:: RECORDED INFORMATION ::
(* Let $Y$ be a real Banach space. Then for every $\varepsilon>0$: if $f\in\mathrm{Lip}_{0\mathcal K}(\mathbb R,Y)$ with $\|f\|=1$ and $t_1<t_2$ in $\mathbb R$ satisfy $\frac{\|f(t_1)-f(t_2)\|}{|t_1-t_2|}>1-\varepsilon$, then there exist $g\in\mathrm{Lip}_{0\mathcal K}(\mathbb R,Y)$ with $\|g\|=1$ and $t_0\in[t_1,t_2]$ such that $g$ is differentiable at $t_0$ with $\|g'(t_0)\|=1$ and $\|f-g\|<\varepsilon$.
   Context: $\mathrm{Lip}_0(\mathbb R,Y)$ is the Banach space of Lipschitz maps $f\colon\mathbb R\to Y$ with $f(0)=0$, with norm $\|f\|=\sup_{s\neq t}\|f(s)-f(t)\|/|s-t|$; $\mathrm{Lip}_{0\mathcal K}(\mathbb R,Y)$ is the subspace of those $f$ whose set of slopes $\{\frac{f(s)-f(t)}{s-t}:s\neq t\}$ is relatively compact in $Y$. *)

theory Defs
  imports "HOL-Analysis.Analysis"
begin

definition slopes :: "(real \<Rightarrow> 'a::real_normed_vector) \<Rightarrow> 'a set" where
  "slopes f = {(f s - f t) /\<^sub>R (s - t) | s t. s \<noteq> t}"

definition Lip0 :: "(real \<Rightarrow> 'a::real_normed_vector) set" where
  "Lip0 = {f. (\<exists>L. L\<ge>0 \<and> lipschitz_on L UNIV f) \<and> f 0 = 0}"

definition lip_norm :: "(real \<Rightarrow> 'a::real_normed_vector) \<Rightarrow> real" where
  "lip_norm f = (SUP p \<in> {(s,t). s \<noteq> t}. norm (f (fst p) - f (snd p)) / \<bar>fst p - snd p\<bar>)"

definition Lip0K :: "(real \<Rightarrow> 'a::real_normed_vector) set" where
  "Lip0K = {f \<in> Lip0. compact (closure (slopes f))}"

end

theory Submission
  imports Defs
begin

text \<open>
  Since the slopes of \<open>f\<close> lie in a compact set, the dyadic difference quotients of \<open>f\<close>, viewed
  as step functions, form a Cauchy sequence in \<open>L\<^sup>1\<close> on every bounded interval: over a finite
  \<open>\<eta>\<close>-net \<open>C\<close> of the slopes, the bounded increasing quantities \<open>\<Sum>c\<in>C. \<integral>\<parallel>D\<^sub>n - c\<parallel>\<close> control
  \<open>\<integral>\<parallel>D\<^sub>n\<^sub>+\<^sub>p - D\<^sub>n\<parallel>\<close> up to \<open>\<eta>\<close>. A fast subsequence converges almost everywhere to a derivative
  \<open>F\<close> with \<open>\<parallel>f t - f s\<parallel> \<le> \<integral>\<^sub>s\<^sup>t \<parallel>F\<parallel>\<close>.

  Let \<open>\<rho>\<close> be a continuous map into the unit ball that moves points of the unit ball by at most
  \<open>\<kappa> < \<epsilon>\<close>. The primitive \<open>g\<close> of \<open>\<rho> \<circ> F\<close>, continued by the increments of \<open>f\<close> outside a large
  interval, satisfies \<open>\<parallel>f - g\<parallel> \<le> \<kappa>\<close>; its slopes lie in the compact closed convex hull of the
  slopes of \<open>f\<close> and their images under \<open>\<rho>\<close>; and \<open>g' t\<^sub>0 = \<rho> (F t\<^sub>0)\<close> at almost every \<open>t\<^sub>0\<close>,
  namely wherever \<open>\<rho> \<circ> F\<close> is approximately continuous. It remains to choose \<open>\<rho>\<close> so that
  \<open>\<parallel>\<rho> (F t\<^sub>0)\<parallel> = 1\<close> for some such \<open>t\<^sub>0 \<in> [t\<^sub>1, t\<^sub>2]\<close>. If \<open>\<parallel>F\<parallel> \<ge> \<beta>\<close> on a non-null part of
  \<open>[t\<^sub>1, t\<^sub>2]\<close> for some \<open>max 0 (1 - \<epsilon>) < \<beta> < 1\<close>, stretch radially by \<open>1/\<beta>\<close> and truncate at the
  unit sphere (\<open>\<kappa> = 1 - \<beta>\<close>). Otherwise \<open>\<parallel>f t\<^sub>2 - f t\<^sub>1\<parallel> \<le> \<integral>\<parallel>F\<parallel>\<close> forces \<open>\<epsilon> > 1\<close> and \<open>F = 0\<close>
  almost everywhere on \<open>[t\<^sub>1, t\<^sub>2]\<close>, and \<open>\<rho> v = v + (1 - \<parallel>v\<parallel>) u\<close> on the unit ball, for a unit
  vector \<open>u\<close>, works with \<open>\<kappa> = 1\<close>.
\<close>

section \<open>Dyadic step functions\<close>

definition dyadic_step :: "nat \<Rightarrow> (int \<Rightarrow> 'a) \<Rightarrow> real \<Rightarrow> 'a" where
  "dyadic_step n h x = h \<lfloor>2^n * x\<rfloor>"

lemma floor_pow2_mult_div:
  assumes "n \<le> m"
  shows "\<lfloor>(2::real)^n * x\<rfloor> = \<lfloor>(2::real)^m * x\<rfloor> div 2^(m-n)"
proof -
  have e: "(2::real)^m = 2^n * 2^(m-n)"
    using assms by (simp flip: power_add)
  have "(2::real)^m * x / real_of_int (2^(m-n)) = 2^n * x"
    by (simp only: e of_int_power of_int_numeral) simp
  then show ?thesis
    using floor_divide_real_eq_div[of "2^(m-n)" "2^m * x"] by simp
qed

lemma dyadic_step_eq_on_cell:
  assumes "real_of_int k / 2^n \<le> x" "x < real_of_int (k+1) / 2^n"
  shows "dyadic_step n h x = h k"
proof -
  from assms have "real_of_int k \<le> 2^n * x" "2^n * x < real_of_int k + 1"
    by (auto simp: field_simps)
  then have "\<lfloor>2^n * x\<rfloor> = k" by linarith
  then show ?thesis by (simp add: dyadic_step_def)
qed

lemma integral_dyadic_step_in_cell:
  fixes h :: "int \<Rightarrow> 'a::banach"
  assumes "s \<le> t" "real_of_int k / 2^n \<le> s" "t \<le> real_of_int (k+1) / 2^n"
  shows "(dyadic_step n h has_integral (t - s) *\<^sub>R h k) {s..t}"
proof -
  have "dyadic_step n h x = h k" if "x \<in> {s..t} - {t}" for x
    using that assms by (intro dyadic_step_eq_on_cell) auto
  moreover have "((\<lambda>x. h k) has_integral (t - s) *\<^sub>R h k) {s..t}"
    using has_integral_const_real[of "h k" s t] assms(1) by simp
  ultimately show ?thesis
    by (rule has_integral_spike[OF negligible_sing])
qed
:::
> TASK
There is a line with "as step functions, form" and a line with "outside a large" above. Copy exactly those two lines and all lines between them, with nothing else.

> RESULT BELOW
  as step functions, form a Cauchy sequence in \<open>L\<^sup>1\<close> on every bounded interval: over a finite
  \<open>\<eta>\<close>-net \<open>C\<close> of the slopes, the bounded increasing quantities \<open>\<Sum>c\<in>C. \<integral>\<parallel>D\<^sub>n - c\<parallel>\<close> control
  \<open>\<integral>\<parallel>D\<^sub>n\<^sub>+\<^sub>p - D\<^sub>n\<parallel>\<close> up to \<open>\<eta>\<close>. A fast subsequence converges almost everywhere to a derivative
  \<open>F\<close> with \<open>\<parallel>f t - f s\<parallel> \<le> \<integral>\<^sub>s\<^sup>t \<parallel>F\<parallel>\<close>.

  Let \<open>\<rho>\<close> be a continuous map into the unit ball that moves points of the unit ball by at most
  \<open>\<kappa> < \<epsilon>\<close>. The primitive \<open>g\<close> of \<open>\<rho> \<circ> F\<close>, continued by the increments of \<open>f\<close> outside a large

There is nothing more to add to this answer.